There are infinite ways to measure the success of a marketing campaign. Still, one of the marketers' top challenges comes when it's time to quantify campaign success in terms of actual revenue dollars. Making the leap between marketing metrics and business outcomes often requires collecting data from multiple platforms, connecting the dots, and filling in the blanks. 

Traditional marketing performance metrics simply aren't the most accurate for measuring business success, but newer platforms and tools enable a better alternative — incrementality marketing. Incrementality takes a different approach to metrics like attribution, lift, and ROI, which means learning new strategies and measurement plans.

What is incrementality marketing, and why is it important?

Incrementality is a way to measure the impact a certain marketing activity has on a desired business outcome. Incrementality helps marketers discern what portion of success can be attributed to campaign efforts versus which results would have occurred organically without a specific marketing interaction or touchpoint.

Collecting and using third-party data for marketing campaign targeting and optimization is increasingly difficult and costly. Privacy and tracking regulations will only become stricter in the coming months and years. With the shift toward first-party data and tracking comes the need for new tools and methodologies.

In a Cardlytics study, we discovered a major disconnect between the outcomes businesses deem important and the effectiveness of current marketing initiatives at achieving those outcomes. For example:

  • 72% of retail executives said "gaining competitive market share" is one of their top three priorities from performance marketing investments.
  • But 61% said current performance marketing initiatives are ineffective in terms of helping them gain a competitive market share.

Clearly, retailers are hungry for initiatives that actually drive results. The ineffectiveness of current approaches necessitates a shift to methodically shape marketing strategies and measure campaign success.

Strategies for incrementality

Incrementality marketing may seem complex, but that's mainly because it has historically been difficult to measure. There is good news, though. The shift from third-party data makes incrementality more important and easier to implement.
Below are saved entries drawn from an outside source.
definition P2_on :: "pt set \<Rightarrow> (pt \<Rightarrow> real) \<Rightarrow> bool" where
  "P2_on T h \<longleftrightarrow> (\<exists>c :: nat \<Rightarrow> real. \<forall>x\<in>T.
     h x = c 0 + c 1 * fst x + c 2 * snd x + c 3 * (fst x)\<^sup>2 + c 4 * (fst x * snd x) + c 5 * (snd x)\<^sup>2)"

definition Vh_space :: "pt set \<Rightarrow> pt set \<Rightarrow> pt set set \<Rightarrow> (pt \<Rightarrow> pt) set" where
  "Vh_space \<Omega> \<Gamma>D Tr = {v. continuous_on (closure \<Omega>) v \<and>
     (\<forall>K\<in>Tr. P2_on (convex hull K) (\<lambda>x. fst (v x)) \<and> P2_on (convex hull K) (\<lambda>x. snd (v x))) \<and>
     (\<forall>x\<in>\<Gamma>D. v x = 0)}"

definition P2_basis :: "pt set \<Rightarrow> pt set \<Rightarrow> pt set set \<Rightarrow> (pt \<Rightarrow> pt \<Rightarrow> real) \<Rightarrow> bool" where
  "P2_basis \<Omega> \<Gamma>D Tr \<psi> \<longleftrightarrow> (\<forall>z\<in>free_nodes Tr \<Gamma>D.
     continuous_on (closure \<Omega>) (\<psi> z) \<and> (\<forall>K\<in>Tr. P2_on (convex hull K) (\<psi> z)) \<and>
     (\<forall>x\<in>\<Gamma>D. \<psi> z x = 0) \<and>
     (\<forall>z'\<in>free_nodes Tr \<Gamma>D. \<psi> z z' = (if z' = z then 1 else 0)))"

definition Kh_space :: "pt set \<Rightarrow> pt set \<Rightarrow> pt set \<Rightarrow> pt set set \<Rightarrow> (pt \<Rightarrow> pt) set" where
  "Kh_space \<Omega> \<Gamma>D \<Gamma>C Tr = {v \<in> Vh_space \<Omega> \<Gamma>D Tr. \<forall>z\<in>contact_nodes Tr \<Gamma>C. fst (v z) \<le> 0}"

(* classical partial derivative \<partial>_j h (x); set to 0 where it does not exist (a null set
   for the piecewise polynomial functions it is applied to) *)
definition pd :: "nat \<Rightarrow> (pt \<Rightarrow> real) \<Rightarrow> pt \<Rightarrow> real" where
  "pd j h x = (if (\<lambda>t. h (x + t *\<^sub>R e j)) differentiable (at 0)
               then deriv (\<lambda>t. h (x + t *\<^sub>R e j)) 0 else 0)"

definition eps :: "(pt \<Rightarrow> pt) \<Rightarrow> nat \<Rightarrow> nat \<Rightarrow> pt \<Rightarrow> real" where
  "eps v i j x = (pd j (\<lambda>y. comp i (v y)) x + pd i (\<lambda>y. comp j (v y)) x) / 2"

definition stress :: "real \<Rightarrow> real \<Rightarrow> (pt \<Rightarrow> pt) \<Rightarrow> nat \<Rightarrow> nat \<Rightarrow> pt \<Rightarrow> real" where
  "stress chi \<mu> v i j x = chi * (eps v 1 1 x + eps v 2 2 x) * (if i = j then 1 else 0) + 2 * \<mu> * eps v i j x"

definition a_form :: "real \<Rightarrow> real \<Rightarrow> pt set \<Rightarrow> (pt \<Rightarrow> pt) \<Rightarrow> (pt \<Rightarrow> pt) \<Rightarrow> real" where
  "a_form chi \<mu> \<Omega> w v = integral \<Omega> (\<lambda>x. \<Sum>i\<in>{1,2}. \<Sum>j\<in>{1,2}. stress chi \<mu> w i j x * eps v i j x)"

definition L_form :: "pt set \<Rightarrow> pt set set \<Rightarrow> pt set \<Rightarrow> (pt \<Rightarrow> pt) \<Rightarrow> (pt \<Rightarrow> pt) \<Rightarrow> (pt \<Rightarrow> pt) \<Rightarrow> real" where
  "L_form \<Omega> Tr \<Gamma>N f g v = integral \<Omega> (\<lambda>x. f x \<bullet> v x) + bint Tr \<Gamma>N \<Gamma>N (\<lambda>x. g x \<bullet> v x)"

definition L2_dom :: "pt set \<Rightarrow> (pt \<Rightarrow> pt) \<Rightarrow> bool" where
  "L2_dom \<Omega> f \<longleftrightarrow> f measurable_on \<Omega> \<and> (\<lambda>x. (norm (f x))\<^sup>2) integrable_on \<Omega>"

definition L2_bd :: "pt set set \<Rightarrow> pt set \<Rightarrow> (pt \<Rightarrow> pt) \<Rightarrow> bool" where
  "L2_bd Tr \<Gamma>N g \<longleftrightarrow> (\<forall>(a, b)\<in>edges_on Tr \<Gamma>N.
     (\<lambda>t. g (a + t *\<^sub>R (b - a))) measurable_on {0..1} \<and>
     (\<lambda>t. (norm (g (a + t *\<^sub>R (b - a))))\<^sup>2) integrable_on {0..1})"

definition affine_on_seg :: "pt \<Rightarrow> pt \<Rightarrow> (pt \<Rightarrow> 'b::real_vector) \<Rightarrow> bool" where
  "affine_on_seg p r q \<longleftrightarrow> (\<forall>t\<in>{0..1}. q (p + t *\<^sub>R (r - p)) = (1 - t) *\<^sub>R q p + t *\<^sub>R q r)"

definition Qh_space :: "pt set set \<Rightarrow> pt set \<Rightarrow> (pt \<Rightarrow> 'b::real_normed_vector) set" where
  "Qh_space Tr \<Gamma>C = {q. continuous_on (closure \<Gamma>C) q \<and>
     (\<forall>(a, b)\<in>edges_on Tr \<Gamma>C. affine_on_seg a (midpoint a b) q \<and> affine_on_seg (midpoint a b) b q)}"

definition Q1_basis :: "pt set set \<Rightarrow> pt set \<Rightarrow> (pt \<Rightarrow> pt \<Rightarrow> real) \<Rightarrow> bool" where
  "Q1_basis Tr \<Gamma>C \<phi> \<longleftrightarrow> (\<forall>z\<in>contact_nodes Tr \<Gamma>C. \<phi> z \<in> Qh_space Tr \<Gamma>C \<and>
     (\<forall>z'\<in>contact_nodes Tr \<Gamma>C. \<phi> z z' = (if z' = z then 1 else 0)))"

definition pi_h :: "pt set set \<Rightarrow> pt set \<Rightarrow> (pt \<Rightarrow> pt \<Rightarrow> real) \<Rightarrow> (pt \<Rightarrow> pt) \<Rightarrow> (pt \<Rightarrow> pt)" where
  "pi_h Tr \<Gamma>C \<psi> v = (\<lambda>x. \<Sum>z\<in>contact_nodes Tr \<Gamma>C. \<Sum>i\<in>{1,2}. (comp i (v z) * \<psi> z x) *\<^sub>R e i)"

definition patch :: "pt set set \<Rightarrow> pt \<Rightarrow> pt set" where
  "patch Tr z = \<Union>{convex hull K | K. K \<in> Tr \<and> z \<in> convex hull K}"

definition gammaC :: "pt set set \<Rightarrow> pt set \<Rightarrow> pt \<Rightarrow> pt set" where
  "gammaC Tr \<Gamma>C z = frontier (patch Tr z) \<inter> \<Gamma>C"

definition disc_ip :: "pt set set \<Rightarrow> pt set \<Rightarrow> (pt \<Rightarrow> pt \<Rightarrow> real) \<Rightarrow> (pt \<Rightarrow> pt) \<Rightarrow> (pt \<Rightarrow> pt) \<Rightarrow> real" where
  "disc_ip Tr \<Gamma>C \<phi> w v = (\<Sum>z\<in>contact_nodes Tr \<Gamma>C. (w z \<bullet> v z) * bint Tr \<Gamma>C (gammaC Tr \<Gamma>C z) (\<phi> z))"

definition lam_tilde_i :: "pt set set \<Rightarrow> pt set \<Rightarrow> (pt \<Rightarrow> pt \<Rightarrow> real) \<Rightarrow> (pt \<Rightarrow> pt) \<Rightarrow> nat \<Rightarrow> (pt \<Rightarrow> real) \<Rightarrow> real" where
  "lam_tilde_i Tr \<Gamma>C \<phi> lam i w =
     bint Tr \<Gamma>C \<Gamma>C (\<lambda>x. (\<Sum>z\<in>contact_nodes Tr \<Gamma>C. comp i (lam z) * \<phi> z x) * w x)"

definition lam_tilde :: "pt set set \<Rightarrow> pt set \<Rightarrow> (pt \<Rightarrow> pt \<Rightarrow> real) \<Rightarrow> (pt \<Rightarrow> pt) \<Rightarrow> (pt \<Rightarrow> pt) \<Rightarrow> real" where
  "lam_tilde Tr \<Gamma>C \<phi> lam v = (\<Sum>i\<in>{1,2}. lam_tilde_i Tr \<Gamma>C \<phi> lam i (\<lambda>x. comp i (v x)))"

end

theory Submission
  imports Defs
begin

(* Test the defining relation of lam with the nodal function w = c phi_z e_i of Q^h.  Its lift
   pi_h w is c psi_z e_i, and u + c psi_z e_i stays in K^h when i = 2 or c <= 0, because psi_z
   takes the values 0 and 1 at the contact nodes.  The variational inequality therefore gives
   c lam_i(z) B_z <= 0, where B_z is the integral of phi_z over gamma_{z,C}.  This weight is
   positive: Omega lies on one side of Gamma_C, so the points of Gamma_C in an element containing z
   lie on the boundary of the patch omega_z, and phi_z >= 1/2 on a piece of an edge through z that
   Gamma_C, being relatively open in the boundary, covers on a nondegenerate interval.  Hence
   lam_2 vanishes and lam_1 is nonnegative at every contact node; as phi_z >= 0 on Gamma_C, the
   density sum_z lam_1(z) phi_z is nonnegative. *)

section \<open>Conforming triangulations\<close>

lemma mem_convex_hull_Int_affine_independent:
  fixes K :: "'a::euclidean_space set"
  assumes "\<not> affine_dependent K" "A \<subseteq> K" "S \<subseteq> K"
    and "p \<in> convex hull A" "p \<in> convex hull S"
  shows "p \<in> convex hull (A \<inter> S)"
proof -
  have "\<not> affine_dependent (A \<union> S)"
    using assms(1-3) affine_dependent_subset by (metis Un_subset_iff)
  then show ?thesis using assms(4,5) convex_hull_Int by blast
qed

lemma vertex_in_convex_hull_subset:
  fixes K :: "'a::euclidean_space set"
  assumes "\<not> affine_dependent K" "x \<in> K" "S \<subseteq> K" "x \<in> convex hull S"
  shows "x \<in> S"
proof -
  have "x \<in> convex hull ({x} \<inter> S)"
    using mem_convex_hull_Int_affine_independent[of K "{x}" S x] assms by simp
  then show ?thesis by (cases "x \<in> S") auto
qed

lemma open_segment_in_convex_hull_subset:
  fixes K :: "'a::euclidean_space set"
  assumes "\<not> affine_dependent K" "a \<in> K" "b \<in> K" "S \<subseteq> K"
    and p: "p \<in> open_segment a b" "p \<in> convex hull S"
  shows "a \<in> S \<and> b \<in> S"
proof (rule ccontr)
  have "p \<in> convex hull {a, b}"
    using p(1) by (metis open_closed_segment segment_convex_hull)
  then have "p \<in> convex hull ({a, b} \<inter> S)"
    using mem_convex_hull_Int_affine_independent[of K "{a, b}" S p] assms by simp
  moreover assume "\<not> (a \<in> S \<and> b \<in> S)"
  then have "{a, b} \<inter> S \<subseteq> {a} \<or> {a, b} \<inter> S \<subseteq> {b}" by auto
  ultimately have "p = a \<or> p = b"
    using hull_mono[of "{a, b} \<inter> S" "{a}" convex] hull_mono[of "{a, b} \<inter> S" "{b}" convex] by auto
  then show False using p(1) by (auto simp: open_segment_def)
qed

lemma triangulation_affine_independent:
  assumes "triangulation Tr" "K \<in> Tr"
  shows "\<not> affine_dependent K"
proof -
  have "card K = 3" "\<not> collinear K" using assms unfolding triangulation_def by blast+
  then obtain a b c where "K = {a, b, c}" "a \<noteq> b" "a \<noteq> c" "b \<noteq> c"
    unfolding card_3_iff by blast
  then show ?thesis using \<open>\<not> collinear K\<close> collinear_3_eq_affine_dependent by auto
qed

lemma triangulation_convex_hull_Int:
  assumes "triangulation Tr" "K \<in> Tr" "K' \<in> Tr" "p \<in> convex hull K" "p \<in> convex hull K'"
  shows "p \<in> convex hull (K \<inter> K')"
proof (cases "K = K'")
  case False
  then have "convex hull K \<inter> convex hull K' = convex hull (K \<inter> K')"
    using assms(1-3) unfolding triangulation_def by blast
  then show ?thesis using assms(4,5) by blast
qed (use assms(4) in simp)

lemma closed_segment_subset_convex_hull:
  "a \<in> K \<Longrightarrow> b \<in> K \<Longrightarrow> closed_segment a b \<subseteq> convex hull K"
  by (simp add: segment_convex_hull hull_mono)

lemma closed_segment_param:
  assumes "0 \<le> s" "s \<le> 1"
  shows "a + s *\<^sub>R (b - a) \<in> closed_segment a b"
proof -
  have "a + s *\<^sub>R (b - a) = (1 - s) *\<^sub>R a + s *\<^sub>R b" by (simp add: algebra_simps)
  then show ?thesis using assms unfolding in_segment by blast
qed

lemma open_segment_param:
  assumes "a \<noteq> b" "0 < s" "s < 1"
  shows "a + s *\<^sub>R (b - a) \<in> open_segment a b"
proof -
  have "a + s *\<^sub>R (b - a) = (1 - s) *\<^sub>R a + s *\<^sub>R b" by (simp add: algebra_simps)
  then show ?thesis using assms unfolding in_segment by blast
qed

lemma edge_pairs_open_segment_unique:
  assumes T: "triangulation Tr" and "(a, b) \<in> edge_pairs Tr" "(c, d) \<in> edge_pairs Tr"
    and p: "p \<in> open_segment a b" "p \<in> closed_segment c d"
  shows "{c, d} = {a, b}"
proof -
  obtain K where K: "K \<in> Tr" "a \<in> K" "b \<in> K" "a \<noteq> b"
    using assms(2) by (auto simp: edge_pairs_def)
  obtain K' where K': "K' \<in> Tr" "c \<in> K'" "d \<in> K'" "c \<noteq> d"
    using assms(3) by (auto simp: edge_pairs_def)
  have "p \<in> convex hull (K \<inter> K')"
    using triangulation_convex_hull_Int[OF T K(1) K'(1)] p open_closed_segment
      closed_segment_subset_convex_hull K K' by blast
  then have "a \<in> K'" "b \<in> K'"
    using open_segment_in_convex_hull_subset[OF triangulation_affine_independent[OF T K(1)] K(2,3) _ p(1)]
    by auto
  then have "a \<in> {c, d} \<and> b \<in> {c, d}"
    using open_segment_in_convex_hull_subset[OF triangulation_affine_independent[OF T K'(1)] _ _ _ p(1), of "{c, d}"]
      K' p(2) by (simp add: segment_convex_hull)
  then show ?thesis using K(4) K'(4) by auto
qed

lemma vertex_on_edge:
  assumes T: "triangulation Tr" and "(a, b) \<in> edge_pairs Tr" "K' \<in> Tr" "z \<in> K'"
    and z: "z \<in> closed_segment a b"
  shows "z = a \<or> z = b"
proof -
  obtain K where K: "K \<in> Tr" "a \<in> K" "b \<in> K" using assms(2) by (auto simp: edge_pairs_def)
  have "z \<in> convex hull (K \<inter> K')"
    using triangulation_convex_hull_Int[OF T K(1) assms(3)] z closed_segment_subset_convex_hull[OF K(2,3)]
      hull_inc[OF assms(4)] by blast
  then have "z \<in> K"
    using vertex_in_convex_hull_subset[OF triangulation_affine_independent[OF T assms(3)] assms(4)] by blast
  then have "z \<in> {a, b}"
    using vertex_in_convex_hull_subset[OF triangulation_affine_independent[OF T K(1)], of z "{a, b}"] K z
    by (simp add: segment_convex_hull)
  then show ?thesis by auto
qed

section \<open>Nodes and the multiplier space\<close>

lemma finite_verts:
  assumes "triangulation Tr"
  shows "finite (verts Tr)"
proof -
  have "finite Tr" "\<And>K. K \<in> Tr \<Longrightarrow> card K = 3"
    using assms unfolding triangulation_def by blast+
  then show ?thesis unfolding verts_def by (metis card.infinite finite_Union zero_neq_numeral)
qed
With privacy regulations shielding customer data from marketers, incrementality measurement and first-party data will soon reign supreme.

In the past, many online marketing tools and platforms simply didn't collect the data needed to measure incrementality with confidence. This meant marketers relied on metrics like ad views and click-through rates to make assumptions about campaign performance. Now, the latest customer data platforms (CDPs) move beyond these traditional KPIs and dial into exactly which digital efforts have an impact on sales — all while providing a more seamless experience for marketers and consumers alike.

In addition to having the right tools in place to prioritize incrementality marketing and measurement, marketers need a mindset shift to understand which of their efforts truly moves the needle.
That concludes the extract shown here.